Te
has levantado hace media hora, y estás calzándote una sandalia azul.
La
ciudad a tus espaldas es ajena a tu corpiño, a tus pechos blancos, a tu mano
descansando en la rodilla levantada. Todo está inmóvil tras de ti. Hasta el
cielo parece haberse detenido. Se recortan los edificios grisáceos más allá de
tu balcón, madrugadora, y el humo lejano de las fábricas es del color del cielo
de la mañana. El tazón de leche, blanco, compite con tu pie ensandaliado, mudo
y absorto en este romper del martes. La chaqueta de punto se ha caído de la
silla, para avisarte que aún tienes tiempo, que aún no son las siete, que no llegarás
tarde, madrugadora. Se va desperezando el hormiguero de las calles, allá abajo,
allá lejos, detrás de ti. Va creciendo el fragor del tráfico, las olas, ondas,
ondinas, sirenas, sonoras, sonorosas. Mas esta eternidad se me es dada, ángel
de luz, bajo tus pestañas adormecidas.
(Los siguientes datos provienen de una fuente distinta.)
lemma nilpotents_quot: "nilpotents S = Idl\<^bsub>S\<^esub> {(q1 * q2) mod f}"
proof -
  have "a \<in> nilpotents S \<longleftrightarrow> a \<in> poly_multiples f (q1 * q2)" if "a \<in> carrier S" for a
  proof
    assume "a \<in> nilpotents S"
    then obtain k where "f dvd a ^ k" by (auto simp: nilpotents_def nat_pow_quot_poly_ring[OF degree_f_pos] quot_poly_ring_simps_f)
    then have "q1 dvd a" "q2 dvd a"
      using q1_dvd_f q2_dvd_f prime_elem_q1 prime_elem_q2 by (meson dvd_trans prime_elem_dvd_power)+
    from \<open>q1 dvd a\<close> obtain b where b: "a = q1 * b" by (rule dvdE)
    with \<open>q2 dvd a\<close> have "q2 dvd b" using prime_elem_dvd_multD[OF prime_elem_q2] not_dvd_q2_q1 by blast
    then show "a \<in> poly_multiples f (q1 * q2)"
      using that b by (simp add: poly_multiples_def quot_poly_ring_simps_f)
  next
    assume "a \<in> poly_multiples f (q1 * q2)"
    then obtain b where "a = q1 * q2 * b" by (auto simp: poly_multiples_def elim: dvdE)
    then have "a ^ n = f * b ^ n" by (simp add: f_eq power_mult_distrib)
    then show "a \<in> nilpotents S"
      using that by (auto simp: nilpotents_def nat_pow_quot_poly_ring[OF degree_f_pos] quot_poly_ring_simps_f
          intro!: exI[of _ n])
  qed
  moreover have "nilpotents S \<subseteq> carrier S" "poly_multiples f (q1 * q2) \<subseteq> carrier S"
    by (auto simp: nilpotents_def poly_multiples_def quot_poly_ring_simps_f)
  ultimately have "nilpotents S = poly_multiples f (q1 * q2)" by blast
  then show ?thesis
    using genideal_eq_poly_multiples[OF degree_f_pos power_product_dvd_f[of 1 1]] n_pos by simp
qed

lemma card_genideal_power_product:
  assumes "finite (UNIV :: 'a set)" "i \<le> n" "j \<le> n"
  shows "card (Idl\<^bsub>S\<^esub> {q1 [^]\<^bsub>S\<^esub> i \<otimes>\<^bsub>S\<^esub> q2 [^]\<^bsub>S\<^esub> j})
    = card (UNIV :: 'a set) ^ (degree f - i * degree q1 - j * degree q2)"
proof -
  have "q1 \<noteq> 0" "q2 \<noteq> 0" using degree_q1_pos degree_q2_pos by auto
  then have "degree (q1 ^ i * q2 ^ j) = i * degree q1 + j * degree q2"
    by (simp add: degree_mult_eq degree_power_eq)
  then show ?thesis
    using genideal_power_product[OF assms(2,3)]
      card_poly_multiples[OF assms(1) power_product_dvd_f[OF assms(2,3)] degree_f_pos]
    by simp
qed

end

section \<open>Polynomials over finite fields\<close>

lemma linear_poly_has_root:
  fixes p :: "'a::field poly"
  assumes "degree p = 1"
  obtains x where "poly p x = 0"
proof -
  obtain a b where "p = [:b, a:]" "a \<noteq> 0" using assms by (rule degree1_coeffs)
  then show thesis by (intro that[of "- b / a"]) simp
qed

lemma irreducible_if_no_roots:
  fixes q :: "'a::field poly"
  assumes "degree q \<in> {2, 3}" and no_root: "\<And>x. poly q x \<noteq> 0"
  shows "irreducible q"
proof (rule irreducibleI)
  show "q \<noteq> 0" using assms(1) by auto
  then show "\<not> q dvd 1" using assms(1) by (auto simp: is_unit_iff_degree)
  fix a b assume q: "q = a * b"
  then have "a \<noteq> 0" "b \<noteq> 0" using \<open>q \<noteq> 0\<close> by auto
  then have deg: "degree a + degree b \<in> {2, 3}" using assms(1) q by (simp add: degree_mult_eq)
  have "degree a \<noteq> 1 \<and> degree b \<noteq> 1"
  proof (rule ccontr)
    assume "\<not> ?thesis"
    then obtain x where "poly a x = 0 \<or> poly b x = 0" by (metis linear_poly_has_root)
    then show False using no_root[of x] q by auto
  qed
  with deg have "degree a = 0 \<or> degree b = 0" by auto
  then show "a dvd 1 \<or> b dvd 1" using \<open>a \<noteq> 0\<close> \<open>b \<noteq> 0\<close> by (auto simp: is_unit_iff_degree)
qed

lemma monom_minus_const_power_CHAR:
  fixes c :: "'a::field"
  assumes "prime CHAR('a)" "odd CHAR('a)"
  shows "(monom 1 k - [:c:]) ^ (CHAR('a) ^ s) = monom 1 (k * CHAR('a) ^ s) - [:c ^ (CHAR('a) ^ s):]"
proof -
  have "(monom 1 k + - [:c:]) ^ (CHAR('a) ^ s) = monom 1 k ^ (CHAR('a) ^ s) + (- [:c:]) ^ (CHAR('a) ^ s)"
    by (rule freshmans_dream') (simp_all add: assms(1))
  then show ?thesis using assms(2) by (simp add: monom_power poly_const_pow diff_conv_add_uminus)
qed
lemma expanding_block_near_0:
  fixes p :: nat and Lam \<eta> :: real
  defines "\<mu> \<equiv> min \<bar>DR (f 0) 0\<bar> \<bar>DL (f 0) 0\<bar>"
    and "w0 \<equiv> orbit_tangent (f 0) (v 0) 0 0 p"
  assumes p: "p \<ge> 1" and nz: "\<And>j. 1 \<le> j \<Longrightarrow> j < p \<Longrightarrow> crit_orbit (f 0) j \<noteq> 0"
    and Lam: "Lam < \<mu> * (\<Prod>i<p - 1. \<bar>Df (f 0) (crit_orbit (f 0) (Suc i))\<bar>)" and \<eta>: "\<eta> > 0"
  obtains d where "d > 0"
    "\<And>t. t \<noteq> 0 \<Longrightarrow> \<bar>t\<bar> < d \<Longrightarrow> t \<in> E \<and> expanding_block (f t) (v t) p d Lam w0 \<eta>"
proof -
  obtain \<epsilon> where \<epsilon>: "0 < \<epsilon>" "\<epsilon> < 1"
    "Lam < (\<mu> - \<epsilon>) * (\<Prod>i<p - 1. \<bar>Df (f 0) (crit_orbit (f 0) (Suc i))\<bar> - \<epsilon>)"
    using exists_eps_perturbed_product_gt[OF Lam] by blast
  obtain \<delta>e where "\<delta>e > 0" and \<delta>e: "\<And>t. \<bar>t\<bar> < \<delta>e \<Longrightarrow> t \<in> E \<and>
     (\<forall>x\<in>{-1..1}. \<bar>f t x - f 0 x\<bar> \<le> \<epsilon>/2 \<and> \<bar>v t x - v 0 x\<bar> \<le> \<epsilon>/2) \<and>
     (\<forall>x\<in>{-1..0}. \<bar>DL (f t) x - DL (f 0) x\<bar> \<le> \<epsilon>/2) \<and>
     (\<forall>x\<in>{0..1}. \<bar>DR (f t) x - DR (f 0) x\<bar> \<le> \<epsilon>/2)"
    using close_to_t0[of "\<epsilon>/2"] \<epsilon> by auto
  obtain \<rho>0 where "\<rho>0 > 0"
    and cont0L: "\<And>x. x \<in> {-1..0} \<Longrightarrow> \<bar>x\<bar> < \<rho>0 \<Longrightarrow> \<bar>DL (f 0) x - DL (f 0) 0\<bar> \<le> \<epsilon>/2"
    and cont0R: "\<And>x. x \<in> {0..1} \<Longrightarrow> \<bar>x\<bar> < \<rho>0 \<Longrightarrow> \<bar>DR (f 0) x - DR (f 0) 0\<bar> \<le> \<epsilon>/2"
    using U1_DL_DR_continuous_at_0[OF U1_f[OF zero_in_E], where \<epsilon> = "\<epsilon>/2"] \<epsilon>(1) by auto
  obtain \<rho> where \<rho>: "\<And>i. i < p - 1 \<Longrightarrow> \<rho> i > 0 \<and> \<rho> i < \<bar>crit_orbit (f 0) (Suc i)\<bar> \<and>
     (\<forall>x\<in>{-1..1}. \<bar>x - crit_orbit (f 0) (Suc i)\<bar> < \<rho> i \<longrightarrow>
        \<bar>Df (f 0) x - Df (f 0) (crit_orbit (f 0) (Suc i))\<bar> \<le> \<epsilon>/2)"
    using U1_Df_continuous_along_crit_orbit[OF U1_f[OF zero_in_E] nz, where \<epsilon> = "\<epsilon>/2"] \<epsilon>(1) by auto
  obtain d where "d > 0" and d: "\<And>t y. t \<noteq> 0 \<Longrightarrow> \<bar>t\<bar> < d \<Longrightarrow> \<bar>y\<bar> < d \<Longrightarrow> y \<in> {-1..1} \<Longrightarrow>
      \<bar>t\<bar> < \<delta>e \<and> \<bar>y\<bar> < \<rho>0 \<and>
      (\<forall>i<p - 1. \<bar>(f t ^^ Suc i) y - crit_orbit (f 0) (Suc i)\<bar> < \<rho> i \<and>
                 \<bar>(f t ^^ Suc i) 0 - crit_orbit (f 0) (Suc i)\<bar> < \<rho> i) \<and>
      (\<forall>j. 1 \<le> j \<and> j < p \<longrightarrow> (f t ^^ j) y \<noteq> 0) \<and>
      \<bar>orbit_tangent (f t) (v t) y 0 p - w0\<bar> < \<eta>"
    using block_orbit_close_near_0[OF nz _ \<eta> \<open>\<delta>e > 0\<close> \<open>\<rho>0 > 0\<close>, where \<rho> = \<rho>] \<rho>
    unfolding w0_def by blast
  show ?thesis
  proof (rule that[OF \<open>d > 0\<close>], intro conjI)
    fix t assume t: "t \<noteq> 0" "\<bar>t\<bar> < d"
    have t\<delta>e: "\<bar>t\<bar> < \<delta>e" using d[OF t, of 0] \<open>d > 0\<close> by auto
    then show tE: "t \<in> E" using \<delta>e by blast
    show "expanding_block (f t) (v t) p d Lam w0 \<eta>"
      unfolding expanding_block_def
    proof (intro allI impI conjI)
      fix y assume y: "\<bar>y\<bar> < d" "y \<in> {-1..1}"
      note D = d[OF t y]
      have close: "\<forall>x\<in>{-1..0}. \<bar>DL (f t) x - DL (f 0) x\<bar> \<le> \<epsilon>/2"
        "\<forall>x\<in>{0..1}. \<bar>DR (f t) x - DR (f 0) x\<bar> \<le> \<epsilon>/2"
        using \<delta>e[OF t\<delta>e] by blast+
      have orbit: "\<rho> i < \<bar>crit_orbit (f 0) (Suc i)\<bar> \<and>
          (\<forall>x\<in>{-1..1}. \<bar>x - crit_orbit (f 0) (Suc i)\<bar> < \<rho> i \<longrightarrow>
            \<bar>Df (f 0) x - Df (f 0) (crit_orbit (f 0) (Suc i))\<bar> \<le> \<epsilon>/2) \<and>
          \<bar>(f t ^^ Suc i) y - crit_orbit (f 0) (Suc i)\<bar> < \<rho> i \<and>
          \<bar>(f t ^^ Suc i) 0 - crit_orbit (f 0) (Suc i)\<bar> < \<rho> i" if "i < p - 1" for i
        using \<rho>[OF that] D that by blast
      have "\<bar>y\<bar> < \<rho>0" using D by blast
      note B = block_expansion[OF U1_f[OF tE] U1_f[OF zero_in_E] \<epsilon>(1,2) p,
          OF bspec[OF close(1)] bspec[OF close(2)] cont0L cont0R this y(2) orbit]
      let ?Pr = "(\<mu> - \<epsilon>) * (\<Prod>i<p - 1. \<bar>Df (f 0) (crit_orbit (f 0) (Suc i))\<bar> - \<epsilon>)"
      have "?Pr \<le> \<bar>\<Prod>j<p. Df (f t) ((f t ^^ j) y)\<bar>" "?Pr * \<bar>y\<bar> \<le> \<bar>(f t ^^ p) y - (f t ^^ p) 0\<bar>"
        using B unfolding \<mu>_def by simp_all
      moreover have "Lam * \<bar>y\<bar> \<le> ?Pr * \<bar>y\<bar>" using \<epsilon>(3) by (simp add: mult_right_mono)
      ultimately show "Lam \<le> \<bar>\<Prod>j<p. Df (f t) ((f t ^^ j) y)\<bar>"
        "Lam * \<bar>y\<bar> \<le> \<bar>(f t ^^ p) y - (f t ^^ p) 0\<bar>"
        using \<epsilon>(3) by linarith+
      show "(f t ^^ j) y \<noteq> 0" if "1 \<le> j \<and> j < p" for j
        using D that by blast
      show "\<bar>orbit_tangent (f t) (v t) y 0 p - w0\<bar> \<le> \<eta>"
        using D by linarith
    qed
  qed
qed
definition binom_int :: "nat \<Rightarrow> int \<Rightarrow> int" where
  "binom_int N r = (if r < 0 then 0 else int (N choose nat r))"

definition words_with_content :: "nat list \<Rightarrow> nat list \<Rightarrow> nat list set" where
  "words_with_content al ls =
     {w. mset w = (\<Sum>j<length al. replicate_mset (al ! j) (ls ! j))}"

end

theory Submission
  imports Defs "HOL-Computational_Algebra.Polynomial" "HOL-Library.Tree"
begin

text \<open>
  The insertion tree of a word (its first letter at the root, the later letters smaller than
  it forming the left subtree and the others the right subtree, recursively) is a complete
  invariant of #-Sylvester equivalence, so it suffices to count the insertion trees of words
  of a given content M. Weighting each tree by (1 - X)^e, where e is the number of its nodes
  off the right spine, gives a polynomial R(M) whose value at 0 is the number C(M) of trees.
  Splitting at the root shows that R(M) is unchanged when a further copy of the largest
  letter is added, and that X R(M + m) = R(M) - C(M) (1 - X)^(|M| + 1) when the letter m
  exceeds all letters of M. For the contents M_s of the compositions
  (alpha_1, ..., alpha_s, 1) this telescopes to
    1 = sum_(s<t) C(M_s) X^s (1 - X)^(alpha_1 + ... + alpha_(s+1) + 1) + X^t R(M_t),
  and multiplying by (1 - X)^m and comparing coefficients of X^(m+1), which vanish on the
  left, gives a unitriangular recurrence for the C(M_s). Its solution is the Hessenberg
  determinant of the statement, and the full content has as many trees as M_(k-1).
\<close>

section \<open>Sylvester classes and insertion trees\<close>

fun sylv_tree :: "'a::linorder list \<Rightarrow> 'a tree" where
  "sylv_tree [] = Leaf"
| "sylv_tree (x # w) =
     Node (sylv_tree (filter (\<lambda>y. y < x) w)) x (sylv_tree (filter (\<lambda>y. x \<le> y) w))"

lemma sylv_equiv_eq_rtranclp_symclp: "sylv_equiv = (symclp sylv_adj)\<^sup>*\<^sup>*"
  unfolding sylv_equiv_def symclp_def ..

lemma sylv_equiv_refl [simp]: "sylv_equiv w w"
  by (simp add: sylv_equiv_def)

lemma sylv_equiv_sym [sym]: "sylv_equiv w1 w2 \<Longrightarrow> sylv_equiv w2 w1"
  unfolding sylv_equiv_eq_rtranclp_symclp by (rule rtranclp_symclp_sym)

lemma sylv_equiv_trans [trans]:
  "sylv_equiv w1 w2 \<Longrightarrow> sylv_equiv w2 w3 \<Longrightarrow> sylv_equiv w1 w3"
  unfolding sylv_equiv_def by (rule rtranclp_trans)

lemma sylv_tree_swap:
  assumes "b \<in> set p" "a < b" "b \<le> c"
  shows "sylv_tree (p @ a # c # q) = sylv_tree (p @ c # a # q)"
  using assms
proof (induction "length p" arbitrary: p q rule: less_induct)
  case less
  then obtain x p' where p: "p = x # p'" by (cases p) auto
  let ?lo = "filter (\<lambda>y. y < x)" and ?hi = "filter (\<lambda>y. x \<le> y)"
  \<comment> \<open>Unless the root x separates a from c, the letter b lies on the same side as both.\<close>
  consider "c < x" | "x \<le> a" | "a < x" "x \<le> c" by fastforce
  then show ?case
  proof cases
    case 1
    with less.prems p have "b \<in> set (?lo p')" by auto
    moreover have "length (?lo p') < length p" using p by (simp add: le_imp_less_Suc)
    ultimately show ?thesis using less.hyps[of "?lo p'" "?lo q"] less.prems p 1 by auto
  next
    case 2
    with less.prems p have "b \<in> set (?hi p')" by auto
    moreover have "length (?hi p') < length p" using p by (simp add: le_imp_less_Suc)
    ultimately show ?thesis using less.hyps[of "?hi p'" "?hi q"] less.prems p 2 by auto
  qed (use p in auto)
qed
Te meces en la brisa fresca de la mañana
del martes, ajena, ausente, mientras tu mano inmaculada alcanza el tazón blanco
de leche grisácea. Así te me quedas en el alma, estática, inmóvil: una perfecta
fotografía viviente. Y tus contornos empiezan a difuminarse en el paisaje
urbano: los edificios, el humo, la gente, las calles,… Se despereza la
chaqueta, madrugadora, pronta a que la llenes con tu luz. Tus pies se mueven
con pereza dentro de las sandalias, peces encerrados en el agua. Antes de
sangrar el tazón, madrugadora, te llega el llanto de un niño. Rompes la
acuarela matutina, dejas tras de ti todo el paisaje, abandonas el balcón y el
martes recién estrenado, y sales de mis pupilas para regresar, minutos después,
con un tierno y cálido bulto entre tus brazos. Cantas ahora, madrugadora,
dándome la espalda, y contemplando con tu criatura, la jungla y el hormiguero
donde habitas. Cierras los ojos un instante y te sientes volar sobre las
calles, hasta perderte en el horizonte mordisqueado de cemento. Recién estrenas
el día, madrugadora: un martes de verano, en el Madrid de 1959.